Print out each entry below exactly, please.
*** Begin section ***
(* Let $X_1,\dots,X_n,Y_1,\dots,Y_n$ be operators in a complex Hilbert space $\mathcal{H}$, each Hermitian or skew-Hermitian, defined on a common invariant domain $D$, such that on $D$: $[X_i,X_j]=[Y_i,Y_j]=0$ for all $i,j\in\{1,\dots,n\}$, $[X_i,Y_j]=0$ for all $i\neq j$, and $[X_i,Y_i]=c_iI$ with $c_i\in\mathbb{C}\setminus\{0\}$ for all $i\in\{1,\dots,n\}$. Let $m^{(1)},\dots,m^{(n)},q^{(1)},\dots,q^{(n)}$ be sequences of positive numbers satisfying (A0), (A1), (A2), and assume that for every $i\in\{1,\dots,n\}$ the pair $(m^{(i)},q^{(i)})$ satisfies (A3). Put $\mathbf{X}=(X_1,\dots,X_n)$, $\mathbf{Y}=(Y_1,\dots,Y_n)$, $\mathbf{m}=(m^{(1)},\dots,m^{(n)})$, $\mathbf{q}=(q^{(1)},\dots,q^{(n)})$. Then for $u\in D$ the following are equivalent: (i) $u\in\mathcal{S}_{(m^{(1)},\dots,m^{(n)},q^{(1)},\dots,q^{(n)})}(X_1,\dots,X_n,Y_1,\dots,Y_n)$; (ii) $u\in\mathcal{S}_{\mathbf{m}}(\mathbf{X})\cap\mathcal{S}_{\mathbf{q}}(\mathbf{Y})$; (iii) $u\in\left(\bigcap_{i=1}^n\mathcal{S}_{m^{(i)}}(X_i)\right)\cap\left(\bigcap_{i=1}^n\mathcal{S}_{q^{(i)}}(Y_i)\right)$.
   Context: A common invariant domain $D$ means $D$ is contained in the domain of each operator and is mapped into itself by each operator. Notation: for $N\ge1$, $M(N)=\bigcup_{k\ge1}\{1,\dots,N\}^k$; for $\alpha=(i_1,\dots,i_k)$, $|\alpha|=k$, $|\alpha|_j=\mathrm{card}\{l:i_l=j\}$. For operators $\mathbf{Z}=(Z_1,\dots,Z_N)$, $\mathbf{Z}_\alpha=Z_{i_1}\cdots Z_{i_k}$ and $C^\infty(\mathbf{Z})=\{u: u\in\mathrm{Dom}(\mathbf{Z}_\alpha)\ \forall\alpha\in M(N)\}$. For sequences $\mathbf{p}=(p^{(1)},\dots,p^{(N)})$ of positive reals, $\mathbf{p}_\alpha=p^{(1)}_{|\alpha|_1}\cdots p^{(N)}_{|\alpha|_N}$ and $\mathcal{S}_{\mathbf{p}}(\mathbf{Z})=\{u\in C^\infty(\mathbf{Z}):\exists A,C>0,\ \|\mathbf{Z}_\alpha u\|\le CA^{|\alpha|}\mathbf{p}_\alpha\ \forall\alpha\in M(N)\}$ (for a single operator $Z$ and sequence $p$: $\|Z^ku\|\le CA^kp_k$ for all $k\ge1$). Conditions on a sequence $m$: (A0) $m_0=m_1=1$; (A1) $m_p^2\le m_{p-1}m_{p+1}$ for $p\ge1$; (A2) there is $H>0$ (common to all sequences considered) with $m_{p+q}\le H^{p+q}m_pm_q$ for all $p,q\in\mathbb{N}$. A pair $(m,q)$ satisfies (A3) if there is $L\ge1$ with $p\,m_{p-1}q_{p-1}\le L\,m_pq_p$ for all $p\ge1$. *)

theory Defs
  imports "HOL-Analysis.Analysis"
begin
*** End section ***
## Exercise solution
(* Let $X_1,\dots,X_n,Y_1,\dots,Y_n$ be operators in a complex Hilbert space $\mathcal{H}$, each Hermitian or skew-Hermitian, defined on a common invariant domain $D$, such that on $D$: $[X_i,X_j]=[Y_i,Y_j]=0$ for all $i,j\in\{1,\dots,n\}$, $[X_i,Y_j]=0$ for all $i\neq j$, and $[X_i,Y_i]=c_iI$ with $c_i\in\mathbb{C}\setminus\{0\}$ for all $i\in\{1,\dots,n\}$. Let $m^{(1)},\dots,m^{(n)},q^{(1)},\dots,q^{(n)}$ be sequences of positive numbers satisfying (A0), (A1), (A2), and assume that for every $i\in\{1,\dots,n\}$ the pair $(m^{(i)},q^{(i)})$ satisfies (A3). Put $\mathbf{X}=(X_1,\dots,X_n)$, $\mathbf{Y}=(Y_1,\dots,Y_n)$, $\mathbf{m}=(m^{(1)},\dots,m^{(n)})$, $\mathbf{q}=(q^{(1)},\dots,q^{(n)})$. Then for $u\in D$ the following are equivalent: (i) $u\in\mathcal{S}_{(m^{(1)},\dots,m^{(n)},q^{(1)},\dots,q^{(n)})}(X_1,\dots,X_n,Y_1,\dots,Y_n)$; (ii) $u\in\mathcal{S}_{\mathbf{m}}(\mathbf{X})\cap\mathcal{S}_{\mathbf{q}}(\mathbf{Y})$; (iii) $u\in\left(\bigcap_{i=1}^n\mathcal{S}_{m^{(i)}}(X_i)\right)\cap\left(\bigcap_{i=1}^n\mathcal{S}_{q^{(i)}}(Y_i)\right)$.
   Context: A common invariant domain $D$ means $D$ is contained in the domain of each operator and is mapped into itself by each operator. Notation: for $N\ge1$, $M(N)=\bigcup_{k\ge1}\{1,\dots,N\}^k$; for $\alpha=(i_1,\dots,i_k)$, $|\alpha|=k$, $|\alpha|_j=\mathrm{card}\{l:i_l=j\}$. For operators $\mathbf{Z}=(Z_1,\dots,Z_N)$, $\mathbf{Z}_\alpha=Z_{i_1}\cdots Z_{i_k}$ and $C^\infty(\mathbf{Z})=\{u: u\in\mathrm{Dom}(\mathbf{Z}_\alpha)\ \forall\alpha\in M(N)\}$. For sequences $\mathbf{p}=(p^{(1)},\dots,p^{(N)})$ of positive reals, $\mathbf{p}_\alpha=p^{(1)}_{|\alpha|_1}\cdots p^{(N)}_{|\alpha|_N}$ and $\mathcal{S}_{\mathbf{p}}(\mathbf{Z})=\{u\in C^\infty(\mathbf{Z}):\exists A,C>0,\ \|\mathbf{Z}_\alpha u\|\le CA^{|\alpha|}\mathbf{p}_\alpha\ \forall\alpha\in M(N)\}$ (for a single operator $Z$ and sequence $p$: $\|Z^ku\|\le CA^kp_k$ for all $k\ge1$). Conditions on a sequence $m$: (A0) $m_0=m_1=1$; (A1) $m_p^2\le m_{p-1}m_{p+1}$ for $p\ge1$; (A2) there is $H>0$ (common to all sequences considered) with $m_{p+q}\le H^{p+q}m_pm_q$ for all $p,q\in\mathbb{N}$. A pair $(m,q)$ satisfies (A3) if there is $L\ge1$ with $p\,m_{p-1}q_{p-1}\le L\,m_pq_p$ for all $p\ge1$. *)

theory Defs
  imports "HOL-Analysis.Analysis"
begin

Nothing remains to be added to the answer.